Begin at the line containing "k by (intro mod_pos_pos_trivial) auto" in the data below and go on through the line containing "c\<^sup>2 * ((\<Prod>w\<in>#A.", repeating each line exactly; include both ends and no other line.

*** DATA TO USE Section Begins ***

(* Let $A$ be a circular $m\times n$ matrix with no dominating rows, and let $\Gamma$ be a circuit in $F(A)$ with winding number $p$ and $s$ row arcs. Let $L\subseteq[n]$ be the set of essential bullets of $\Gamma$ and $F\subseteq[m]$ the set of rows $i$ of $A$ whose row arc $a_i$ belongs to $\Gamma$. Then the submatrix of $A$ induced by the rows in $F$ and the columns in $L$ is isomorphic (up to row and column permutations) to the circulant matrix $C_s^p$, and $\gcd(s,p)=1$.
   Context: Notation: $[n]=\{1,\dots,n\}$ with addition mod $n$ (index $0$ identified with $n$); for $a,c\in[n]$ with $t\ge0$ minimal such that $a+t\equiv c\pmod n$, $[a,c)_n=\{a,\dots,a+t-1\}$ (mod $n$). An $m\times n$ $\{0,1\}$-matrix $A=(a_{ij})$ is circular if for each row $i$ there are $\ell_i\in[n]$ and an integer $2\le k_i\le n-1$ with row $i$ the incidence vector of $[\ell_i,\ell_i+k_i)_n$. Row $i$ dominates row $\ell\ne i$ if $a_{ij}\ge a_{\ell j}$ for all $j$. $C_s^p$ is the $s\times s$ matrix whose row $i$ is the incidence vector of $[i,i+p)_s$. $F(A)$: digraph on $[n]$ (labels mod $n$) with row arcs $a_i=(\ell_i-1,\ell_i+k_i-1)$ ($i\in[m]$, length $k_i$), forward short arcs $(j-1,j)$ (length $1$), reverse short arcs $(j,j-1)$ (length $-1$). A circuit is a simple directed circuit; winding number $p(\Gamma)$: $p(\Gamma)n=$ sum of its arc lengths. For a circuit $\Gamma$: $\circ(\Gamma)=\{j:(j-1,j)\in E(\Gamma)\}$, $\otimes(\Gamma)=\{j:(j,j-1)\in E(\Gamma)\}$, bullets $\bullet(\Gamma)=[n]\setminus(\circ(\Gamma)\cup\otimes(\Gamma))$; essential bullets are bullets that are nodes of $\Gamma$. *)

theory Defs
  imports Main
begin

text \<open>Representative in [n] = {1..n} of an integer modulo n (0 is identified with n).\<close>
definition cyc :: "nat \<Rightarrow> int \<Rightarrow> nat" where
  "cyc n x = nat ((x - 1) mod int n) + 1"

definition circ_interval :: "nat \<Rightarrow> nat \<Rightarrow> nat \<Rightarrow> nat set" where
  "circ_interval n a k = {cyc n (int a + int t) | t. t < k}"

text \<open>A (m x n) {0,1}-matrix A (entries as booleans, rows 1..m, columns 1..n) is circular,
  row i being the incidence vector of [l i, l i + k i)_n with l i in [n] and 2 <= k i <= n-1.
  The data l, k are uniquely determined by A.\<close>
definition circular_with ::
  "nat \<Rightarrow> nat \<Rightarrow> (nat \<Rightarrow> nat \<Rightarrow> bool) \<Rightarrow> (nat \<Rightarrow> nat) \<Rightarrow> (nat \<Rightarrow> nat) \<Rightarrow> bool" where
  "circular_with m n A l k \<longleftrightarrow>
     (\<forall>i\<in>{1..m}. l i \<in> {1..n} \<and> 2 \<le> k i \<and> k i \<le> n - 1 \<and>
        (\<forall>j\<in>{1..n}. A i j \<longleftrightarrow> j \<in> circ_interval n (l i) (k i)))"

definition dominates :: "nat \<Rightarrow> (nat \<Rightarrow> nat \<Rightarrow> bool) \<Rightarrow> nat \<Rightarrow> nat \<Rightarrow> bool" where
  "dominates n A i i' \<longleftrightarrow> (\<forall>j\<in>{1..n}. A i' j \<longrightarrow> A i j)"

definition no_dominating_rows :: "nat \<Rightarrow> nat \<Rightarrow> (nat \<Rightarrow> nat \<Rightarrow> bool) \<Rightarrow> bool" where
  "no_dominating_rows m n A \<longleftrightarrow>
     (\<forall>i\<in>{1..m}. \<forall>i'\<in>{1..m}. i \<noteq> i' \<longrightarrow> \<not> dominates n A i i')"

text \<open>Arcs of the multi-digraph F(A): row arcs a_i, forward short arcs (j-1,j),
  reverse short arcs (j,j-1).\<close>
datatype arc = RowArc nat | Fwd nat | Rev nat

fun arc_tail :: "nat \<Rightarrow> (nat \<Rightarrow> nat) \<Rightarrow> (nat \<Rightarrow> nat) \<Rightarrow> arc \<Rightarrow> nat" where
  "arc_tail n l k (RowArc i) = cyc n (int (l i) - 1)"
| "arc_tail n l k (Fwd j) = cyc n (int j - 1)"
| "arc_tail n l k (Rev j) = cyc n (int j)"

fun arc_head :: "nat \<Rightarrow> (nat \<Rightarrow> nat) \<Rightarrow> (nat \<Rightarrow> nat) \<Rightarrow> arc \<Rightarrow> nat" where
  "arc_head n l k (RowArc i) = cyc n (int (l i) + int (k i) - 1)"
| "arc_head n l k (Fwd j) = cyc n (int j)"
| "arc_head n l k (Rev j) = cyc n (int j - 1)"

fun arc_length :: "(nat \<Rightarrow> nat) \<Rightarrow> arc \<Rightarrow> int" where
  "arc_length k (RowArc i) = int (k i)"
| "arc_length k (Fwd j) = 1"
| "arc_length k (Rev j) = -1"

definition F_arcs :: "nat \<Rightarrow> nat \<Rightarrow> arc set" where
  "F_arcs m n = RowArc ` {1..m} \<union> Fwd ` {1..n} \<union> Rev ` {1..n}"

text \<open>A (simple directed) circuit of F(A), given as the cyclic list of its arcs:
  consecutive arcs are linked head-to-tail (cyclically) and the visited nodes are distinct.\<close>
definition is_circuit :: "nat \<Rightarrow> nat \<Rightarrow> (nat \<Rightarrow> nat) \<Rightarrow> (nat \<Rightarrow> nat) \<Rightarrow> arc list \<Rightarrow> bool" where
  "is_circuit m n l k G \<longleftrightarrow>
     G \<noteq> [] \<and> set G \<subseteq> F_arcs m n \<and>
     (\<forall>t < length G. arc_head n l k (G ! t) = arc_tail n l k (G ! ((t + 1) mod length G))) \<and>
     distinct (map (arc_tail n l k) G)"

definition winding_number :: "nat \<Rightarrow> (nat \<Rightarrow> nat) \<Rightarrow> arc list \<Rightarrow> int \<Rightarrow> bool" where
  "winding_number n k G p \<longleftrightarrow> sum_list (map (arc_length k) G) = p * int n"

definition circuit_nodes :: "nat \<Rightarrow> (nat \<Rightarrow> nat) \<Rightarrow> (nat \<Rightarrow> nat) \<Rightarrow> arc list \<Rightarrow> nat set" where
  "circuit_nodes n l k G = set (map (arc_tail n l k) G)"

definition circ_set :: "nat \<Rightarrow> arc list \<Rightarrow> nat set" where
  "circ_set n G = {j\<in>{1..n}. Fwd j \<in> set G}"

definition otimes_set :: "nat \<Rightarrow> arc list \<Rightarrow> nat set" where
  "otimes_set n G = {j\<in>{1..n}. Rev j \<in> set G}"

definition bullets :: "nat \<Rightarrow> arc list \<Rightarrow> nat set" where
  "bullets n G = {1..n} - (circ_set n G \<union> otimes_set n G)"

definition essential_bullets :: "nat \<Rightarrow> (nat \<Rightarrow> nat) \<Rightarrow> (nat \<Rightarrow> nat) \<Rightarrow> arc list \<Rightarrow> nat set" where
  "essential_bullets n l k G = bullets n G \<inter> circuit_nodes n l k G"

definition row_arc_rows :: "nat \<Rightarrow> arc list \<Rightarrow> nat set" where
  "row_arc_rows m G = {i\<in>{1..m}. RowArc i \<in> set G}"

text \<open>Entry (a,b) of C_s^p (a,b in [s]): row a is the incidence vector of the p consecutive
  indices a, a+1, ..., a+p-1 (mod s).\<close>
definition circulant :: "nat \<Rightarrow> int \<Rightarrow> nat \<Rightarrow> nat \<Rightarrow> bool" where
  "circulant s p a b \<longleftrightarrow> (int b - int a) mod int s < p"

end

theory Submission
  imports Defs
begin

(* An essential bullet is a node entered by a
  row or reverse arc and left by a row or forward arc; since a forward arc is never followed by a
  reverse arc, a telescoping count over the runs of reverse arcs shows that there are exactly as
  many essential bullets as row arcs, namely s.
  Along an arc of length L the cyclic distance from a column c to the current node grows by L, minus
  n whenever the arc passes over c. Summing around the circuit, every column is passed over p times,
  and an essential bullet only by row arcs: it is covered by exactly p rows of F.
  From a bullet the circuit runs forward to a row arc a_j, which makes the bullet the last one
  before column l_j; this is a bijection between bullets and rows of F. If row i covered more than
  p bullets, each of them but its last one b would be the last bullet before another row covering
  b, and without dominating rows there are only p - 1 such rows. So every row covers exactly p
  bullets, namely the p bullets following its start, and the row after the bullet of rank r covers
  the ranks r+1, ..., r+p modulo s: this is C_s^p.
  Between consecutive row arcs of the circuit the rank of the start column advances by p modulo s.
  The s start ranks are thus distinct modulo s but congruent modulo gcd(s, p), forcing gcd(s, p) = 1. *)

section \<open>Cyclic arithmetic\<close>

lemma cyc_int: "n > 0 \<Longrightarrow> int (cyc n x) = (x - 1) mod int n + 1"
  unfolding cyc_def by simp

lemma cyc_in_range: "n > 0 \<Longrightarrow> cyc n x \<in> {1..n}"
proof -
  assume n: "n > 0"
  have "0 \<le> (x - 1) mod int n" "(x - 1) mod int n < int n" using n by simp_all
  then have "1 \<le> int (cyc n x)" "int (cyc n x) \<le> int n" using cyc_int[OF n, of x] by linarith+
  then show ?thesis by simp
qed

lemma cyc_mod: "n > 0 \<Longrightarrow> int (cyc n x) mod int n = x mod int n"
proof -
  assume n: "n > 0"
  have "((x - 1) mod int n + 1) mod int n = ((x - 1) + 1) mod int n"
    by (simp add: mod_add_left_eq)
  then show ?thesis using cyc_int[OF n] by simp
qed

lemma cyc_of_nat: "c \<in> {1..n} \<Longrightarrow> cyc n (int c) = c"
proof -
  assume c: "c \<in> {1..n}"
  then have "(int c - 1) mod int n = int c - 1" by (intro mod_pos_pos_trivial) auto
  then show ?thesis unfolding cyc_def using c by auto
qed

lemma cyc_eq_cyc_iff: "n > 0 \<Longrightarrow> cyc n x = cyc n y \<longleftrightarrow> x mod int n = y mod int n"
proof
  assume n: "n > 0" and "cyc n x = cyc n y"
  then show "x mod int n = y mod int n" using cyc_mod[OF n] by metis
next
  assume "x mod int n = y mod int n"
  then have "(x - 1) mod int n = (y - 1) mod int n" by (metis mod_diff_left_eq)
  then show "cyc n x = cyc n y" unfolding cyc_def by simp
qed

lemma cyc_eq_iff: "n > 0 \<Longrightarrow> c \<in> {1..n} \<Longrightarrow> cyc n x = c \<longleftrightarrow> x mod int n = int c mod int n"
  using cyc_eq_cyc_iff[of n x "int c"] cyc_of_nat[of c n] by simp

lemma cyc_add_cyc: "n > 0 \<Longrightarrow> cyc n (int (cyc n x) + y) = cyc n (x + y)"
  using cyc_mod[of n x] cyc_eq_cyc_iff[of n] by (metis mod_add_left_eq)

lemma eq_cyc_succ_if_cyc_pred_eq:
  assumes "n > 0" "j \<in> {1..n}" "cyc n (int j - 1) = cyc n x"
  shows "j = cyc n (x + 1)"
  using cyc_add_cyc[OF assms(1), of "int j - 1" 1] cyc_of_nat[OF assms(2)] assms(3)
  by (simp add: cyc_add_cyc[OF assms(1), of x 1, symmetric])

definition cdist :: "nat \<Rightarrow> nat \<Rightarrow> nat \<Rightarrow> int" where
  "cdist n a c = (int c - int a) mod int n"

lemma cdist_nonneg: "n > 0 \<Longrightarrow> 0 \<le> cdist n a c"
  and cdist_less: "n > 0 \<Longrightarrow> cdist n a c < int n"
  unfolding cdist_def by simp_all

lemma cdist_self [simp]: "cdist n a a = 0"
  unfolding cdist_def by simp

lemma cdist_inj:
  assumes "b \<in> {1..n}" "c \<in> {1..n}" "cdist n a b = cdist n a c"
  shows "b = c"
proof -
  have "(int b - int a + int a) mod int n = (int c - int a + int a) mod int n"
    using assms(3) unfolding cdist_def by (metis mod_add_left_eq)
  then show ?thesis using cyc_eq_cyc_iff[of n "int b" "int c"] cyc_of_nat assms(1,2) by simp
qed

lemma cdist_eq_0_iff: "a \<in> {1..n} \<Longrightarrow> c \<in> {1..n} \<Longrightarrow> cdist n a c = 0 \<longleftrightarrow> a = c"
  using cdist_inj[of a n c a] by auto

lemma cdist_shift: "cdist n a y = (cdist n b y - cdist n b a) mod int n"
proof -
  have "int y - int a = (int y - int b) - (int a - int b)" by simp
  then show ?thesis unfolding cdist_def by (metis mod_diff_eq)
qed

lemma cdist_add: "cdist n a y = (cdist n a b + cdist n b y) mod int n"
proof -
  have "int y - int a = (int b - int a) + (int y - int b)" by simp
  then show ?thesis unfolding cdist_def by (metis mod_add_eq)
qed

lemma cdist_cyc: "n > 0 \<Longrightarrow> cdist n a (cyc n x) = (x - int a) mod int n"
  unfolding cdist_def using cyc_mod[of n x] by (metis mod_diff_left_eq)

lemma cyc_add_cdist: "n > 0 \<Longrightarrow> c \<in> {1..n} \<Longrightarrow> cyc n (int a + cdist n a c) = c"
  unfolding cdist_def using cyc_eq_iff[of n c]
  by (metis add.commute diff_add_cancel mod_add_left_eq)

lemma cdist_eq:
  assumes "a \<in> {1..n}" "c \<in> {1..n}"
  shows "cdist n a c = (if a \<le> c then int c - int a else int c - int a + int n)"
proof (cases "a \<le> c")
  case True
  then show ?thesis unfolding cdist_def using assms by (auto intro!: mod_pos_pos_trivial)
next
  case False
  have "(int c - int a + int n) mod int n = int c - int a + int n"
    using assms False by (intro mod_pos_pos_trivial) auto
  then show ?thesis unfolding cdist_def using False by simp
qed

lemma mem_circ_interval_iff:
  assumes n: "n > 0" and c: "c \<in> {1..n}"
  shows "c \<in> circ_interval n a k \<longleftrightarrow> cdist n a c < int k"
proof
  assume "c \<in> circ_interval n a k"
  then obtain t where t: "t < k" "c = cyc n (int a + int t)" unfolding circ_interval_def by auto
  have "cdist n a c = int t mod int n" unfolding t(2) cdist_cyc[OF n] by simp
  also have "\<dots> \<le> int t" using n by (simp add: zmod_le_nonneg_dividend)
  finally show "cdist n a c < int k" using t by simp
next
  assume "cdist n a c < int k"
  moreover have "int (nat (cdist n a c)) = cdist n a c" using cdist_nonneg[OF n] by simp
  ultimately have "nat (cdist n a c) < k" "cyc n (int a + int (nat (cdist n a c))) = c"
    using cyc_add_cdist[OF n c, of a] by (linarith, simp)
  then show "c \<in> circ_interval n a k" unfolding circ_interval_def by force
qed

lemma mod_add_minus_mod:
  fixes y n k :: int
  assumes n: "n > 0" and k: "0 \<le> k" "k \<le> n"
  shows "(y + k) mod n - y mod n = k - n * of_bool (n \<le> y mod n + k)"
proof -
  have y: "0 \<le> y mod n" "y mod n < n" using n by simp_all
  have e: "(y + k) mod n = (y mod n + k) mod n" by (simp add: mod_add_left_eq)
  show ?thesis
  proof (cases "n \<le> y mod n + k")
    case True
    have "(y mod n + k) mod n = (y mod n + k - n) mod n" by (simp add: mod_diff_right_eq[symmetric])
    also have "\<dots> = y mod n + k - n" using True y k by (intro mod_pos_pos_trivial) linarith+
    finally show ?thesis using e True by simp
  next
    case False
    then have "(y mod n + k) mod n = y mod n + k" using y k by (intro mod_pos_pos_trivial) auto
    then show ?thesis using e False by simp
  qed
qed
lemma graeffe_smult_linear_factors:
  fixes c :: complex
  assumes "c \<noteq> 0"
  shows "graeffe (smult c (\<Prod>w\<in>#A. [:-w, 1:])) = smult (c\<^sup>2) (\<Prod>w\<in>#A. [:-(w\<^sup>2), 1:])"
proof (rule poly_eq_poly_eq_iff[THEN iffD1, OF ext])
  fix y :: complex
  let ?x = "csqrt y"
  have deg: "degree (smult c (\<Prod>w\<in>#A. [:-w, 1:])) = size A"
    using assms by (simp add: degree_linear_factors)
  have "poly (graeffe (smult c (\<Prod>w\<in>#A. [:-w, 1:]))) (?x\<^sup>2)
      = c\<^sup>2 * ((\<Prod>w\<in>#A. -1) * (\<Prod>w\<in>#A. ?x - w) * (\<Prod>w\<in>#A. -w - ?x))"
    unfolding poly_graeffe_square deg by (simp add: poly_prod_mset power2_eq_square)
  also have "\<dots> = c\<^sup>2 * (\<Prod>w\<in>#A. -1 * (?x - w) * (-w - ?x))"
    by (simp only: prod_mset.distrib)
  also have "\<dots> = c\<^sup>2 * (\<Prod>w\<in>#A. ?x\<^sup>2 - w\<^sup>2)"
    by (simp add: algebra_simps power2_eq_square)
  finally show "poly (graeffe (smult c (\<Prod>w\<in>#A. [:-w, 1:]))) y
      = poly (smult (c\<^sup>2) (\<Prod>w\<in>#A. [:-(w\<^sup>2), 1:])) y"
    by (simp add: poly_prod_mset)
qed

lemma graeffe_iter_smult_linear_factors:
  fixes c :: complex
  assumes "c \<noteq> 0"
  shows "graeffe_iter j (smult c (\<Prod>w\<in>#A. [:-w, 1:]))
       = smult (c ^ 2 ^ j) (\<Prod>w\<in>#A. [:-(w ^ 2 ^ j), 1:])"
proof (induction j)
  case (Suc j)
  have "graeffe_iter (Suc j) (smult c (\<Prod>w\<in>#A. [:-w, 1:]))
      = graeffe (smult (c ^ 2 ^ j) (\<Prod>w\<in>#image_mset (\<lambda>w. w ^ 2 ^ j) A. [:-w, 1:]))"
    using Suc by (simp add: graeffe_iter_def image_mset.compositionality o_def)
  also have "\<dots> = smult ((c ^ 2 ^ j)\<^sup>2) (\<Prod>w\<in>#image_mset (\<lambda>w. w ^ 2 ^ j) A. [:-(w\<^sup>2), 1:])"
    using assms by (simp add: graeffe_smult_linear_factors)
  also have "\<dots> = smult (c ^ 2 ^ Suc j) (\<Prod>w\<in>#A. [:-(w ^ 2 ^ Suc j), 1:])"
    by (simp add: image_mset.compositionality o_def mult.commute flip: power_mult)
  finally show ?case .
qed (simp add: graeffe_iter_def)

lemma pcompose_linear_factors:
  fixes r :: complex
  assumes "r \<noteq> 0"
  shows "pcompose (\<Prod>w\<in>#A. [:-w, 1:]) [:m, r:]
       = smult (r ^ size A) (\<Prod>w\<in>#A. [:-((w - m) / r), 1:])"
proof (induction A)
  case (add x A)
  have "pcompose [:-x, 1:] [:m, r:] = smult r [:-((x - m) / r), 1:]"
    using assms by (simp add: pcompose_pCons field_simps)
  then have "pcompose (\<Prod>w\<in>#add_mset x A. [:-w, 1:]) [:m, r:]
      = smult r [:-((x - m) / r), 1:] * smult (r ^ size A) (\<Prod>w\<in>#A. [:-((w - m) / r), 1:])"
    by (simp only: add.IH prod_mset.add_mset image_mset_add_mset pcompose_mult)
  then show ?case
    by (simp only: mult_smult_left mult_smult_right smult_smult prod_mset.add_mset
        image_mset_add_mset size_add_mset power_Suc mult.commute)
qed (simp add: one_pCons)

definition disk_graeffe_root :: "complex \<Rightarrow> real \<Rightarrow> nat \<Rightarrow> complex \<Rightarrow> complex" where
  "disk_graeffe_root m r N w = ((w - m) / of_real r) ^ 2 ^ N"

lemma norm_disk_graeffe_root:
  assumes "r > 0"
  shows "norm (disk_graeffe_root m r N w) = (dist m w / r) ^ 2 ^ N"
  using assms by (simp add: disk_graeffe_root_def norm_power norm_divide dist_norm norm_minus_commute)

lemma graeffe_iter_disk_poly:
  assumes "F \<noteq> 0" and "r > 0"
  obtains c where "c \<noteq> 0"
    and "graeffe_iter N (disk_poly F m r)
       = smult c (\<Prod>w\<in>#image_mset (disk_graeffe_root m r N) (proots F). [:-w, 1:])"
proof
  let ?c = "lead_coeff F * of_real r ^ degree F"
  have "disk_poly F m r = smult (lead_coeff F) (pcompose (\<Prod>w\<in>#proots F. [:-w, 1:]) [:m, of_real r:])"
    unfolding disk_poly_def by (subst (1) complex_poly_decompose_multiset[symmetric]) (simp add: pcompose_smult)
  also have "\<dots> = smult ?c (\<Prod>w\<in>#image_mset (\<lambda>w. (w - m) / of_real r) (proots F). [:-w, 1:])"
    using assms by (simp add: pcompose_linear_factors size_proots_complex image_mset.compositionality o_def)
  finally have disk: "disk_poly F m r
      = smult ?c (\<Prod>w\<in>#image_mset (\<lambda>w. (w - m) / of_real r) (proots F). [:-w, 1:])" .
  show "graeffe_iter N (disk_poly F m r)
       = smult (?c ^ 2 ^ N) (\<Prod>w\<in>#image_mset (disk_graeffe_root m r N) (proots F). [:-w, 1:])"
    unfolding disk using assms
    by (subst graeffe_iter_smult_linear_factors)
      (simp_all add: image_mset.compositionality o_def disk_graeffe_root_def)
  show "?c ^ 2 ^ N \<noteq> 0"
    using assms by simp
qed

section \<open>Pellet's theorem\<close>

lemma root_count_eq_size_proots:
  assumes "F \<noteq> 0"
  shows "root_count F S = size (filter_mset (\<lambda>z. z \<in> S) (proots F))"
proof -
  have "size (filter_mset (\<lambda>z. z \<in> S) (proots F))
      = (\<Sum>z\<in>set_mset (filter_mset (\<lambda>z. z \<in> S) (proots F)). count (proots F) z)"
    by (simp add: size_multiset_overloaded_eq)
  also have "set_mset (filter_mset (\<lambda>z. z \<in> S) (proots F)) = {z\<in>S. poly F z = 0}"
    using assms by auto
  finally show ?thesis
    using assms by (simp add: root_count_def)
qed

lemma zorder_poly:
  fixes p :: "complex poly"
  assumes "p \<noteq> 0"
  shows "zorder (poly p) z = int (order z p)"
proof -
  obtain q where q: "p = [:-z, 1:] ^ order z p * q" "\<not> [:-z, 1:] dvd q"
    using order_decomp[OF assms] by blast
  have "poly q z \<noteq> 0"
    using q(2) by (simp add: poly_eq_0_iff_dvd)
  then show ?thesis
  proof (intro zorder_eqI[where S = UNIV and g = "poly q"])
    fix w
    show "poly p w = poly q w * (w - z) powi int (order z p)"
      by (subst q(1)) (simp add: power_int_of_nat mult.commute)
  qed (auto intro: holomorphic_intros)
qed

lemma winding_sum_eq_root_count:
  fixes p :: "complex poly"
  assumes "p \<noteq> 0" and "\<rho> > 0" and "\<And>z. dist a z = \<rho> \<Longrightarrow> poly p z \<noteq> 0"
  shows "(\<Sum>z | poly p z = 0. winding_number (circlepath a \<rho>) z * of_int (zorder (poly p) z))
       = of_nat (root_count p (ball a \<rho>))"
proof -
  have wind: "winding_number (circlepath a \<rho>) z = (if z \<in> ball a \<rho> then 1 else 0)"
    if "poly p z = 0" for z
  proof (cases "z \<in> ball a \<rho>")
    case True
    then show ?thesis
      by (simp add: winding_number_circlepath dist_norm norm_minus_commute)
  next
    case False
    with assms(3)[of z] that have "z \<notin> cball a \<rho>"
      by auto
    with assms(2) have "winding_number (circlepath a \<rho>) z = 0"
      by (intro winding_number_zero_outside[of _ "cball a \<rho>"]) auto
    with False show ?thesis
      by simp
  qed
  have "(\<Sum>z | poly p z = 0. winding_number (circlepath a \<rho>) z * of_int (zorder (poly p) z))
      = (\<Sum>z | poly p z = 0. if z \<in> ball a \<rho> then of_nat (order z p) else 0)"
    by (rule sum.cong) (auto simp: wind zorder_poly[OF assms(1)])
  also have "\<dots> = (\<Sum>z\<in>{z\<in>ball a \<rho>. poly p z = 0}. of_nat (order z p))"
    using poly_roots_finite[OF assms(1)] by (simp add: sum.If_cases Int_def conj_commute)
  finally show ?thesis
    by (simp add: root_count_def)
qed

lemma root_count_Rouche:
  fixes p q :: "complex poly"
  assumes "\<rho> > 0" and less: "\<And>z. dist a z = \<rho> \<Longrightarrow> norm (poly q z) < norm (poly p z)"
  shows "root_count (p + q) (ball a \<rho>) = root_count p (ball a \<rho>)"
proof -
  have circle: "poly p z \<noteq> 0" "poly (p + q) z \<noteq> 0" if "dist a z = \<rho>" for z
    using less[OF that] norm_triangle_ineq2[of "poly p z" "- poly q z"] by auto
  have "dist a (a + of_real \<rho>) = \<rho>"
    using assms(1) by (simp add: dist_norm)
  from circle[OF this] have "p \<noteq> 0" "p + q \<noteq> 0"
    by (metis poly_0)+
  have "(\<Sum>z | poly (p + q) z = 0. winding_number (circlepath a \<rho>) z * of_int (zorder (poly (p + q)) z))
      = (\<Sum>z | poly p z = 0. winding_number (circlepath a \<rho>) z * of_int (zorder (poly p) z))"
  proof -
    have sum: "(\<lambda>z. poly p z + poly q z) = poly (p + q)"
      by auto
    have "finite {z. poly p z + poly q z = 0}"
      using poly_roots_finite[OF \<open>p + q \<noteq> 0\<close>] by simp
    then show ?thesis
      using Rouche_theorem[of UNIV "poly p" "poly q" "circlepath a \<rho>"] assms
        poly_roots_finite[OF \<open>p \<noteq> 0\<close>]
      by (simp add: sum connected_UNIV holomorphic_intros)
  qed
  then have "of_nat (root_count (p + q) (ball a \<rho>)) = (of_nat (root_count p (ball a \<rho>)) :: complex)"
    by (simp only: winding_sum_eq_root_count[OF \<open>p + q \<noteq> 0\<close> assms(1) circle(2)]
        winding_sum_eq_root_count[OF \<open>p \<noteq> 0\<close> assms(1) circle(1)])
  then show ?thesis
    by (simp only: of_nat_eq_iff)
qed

*** DATA TO USE Section Ends ***

▸ **ANSWER BOX**:
    then have "(y mod n + k) mod n = y mod n + k" using y k by (intro mod_pos_pos_trivial) auto
    then show ?thesis using e False by simp
  qed
qed
lemma graeffe_smult_linear_factors:
  fixes c :: complex
  assumes "c \<noteq> 0"
  shows "graeffe (smult c (\<Prod>w\<in>#A. [:-w, 1:])) = smult (c\<^sup>2) (\<Prod>w\<in>#A. [:-(w\<^sup>2), 1:])"
proof (rule poly_eq_poly_eq_iff[THEN iffD1, OF ext])
  fix y :: complex
  let ?x = "csqrt y"
  have deg: "degree (smult c (\<Prod>w\<in>#A. [:-w, 1:])) = size A"
    using assms by (simp add: degree_linear_factors)
  have "poly (graeffe (smult c (\<Prod>w\<in>#A. [:-w, 1:]))) (?x\<^sup>2)
      = c\<^sup>2 * ((\<Prod>w\<in>#A. -1) * (\<Prod>w\<in>#A. ?x - w) * (\<Prod>w\<in>#A. -w - ?x))"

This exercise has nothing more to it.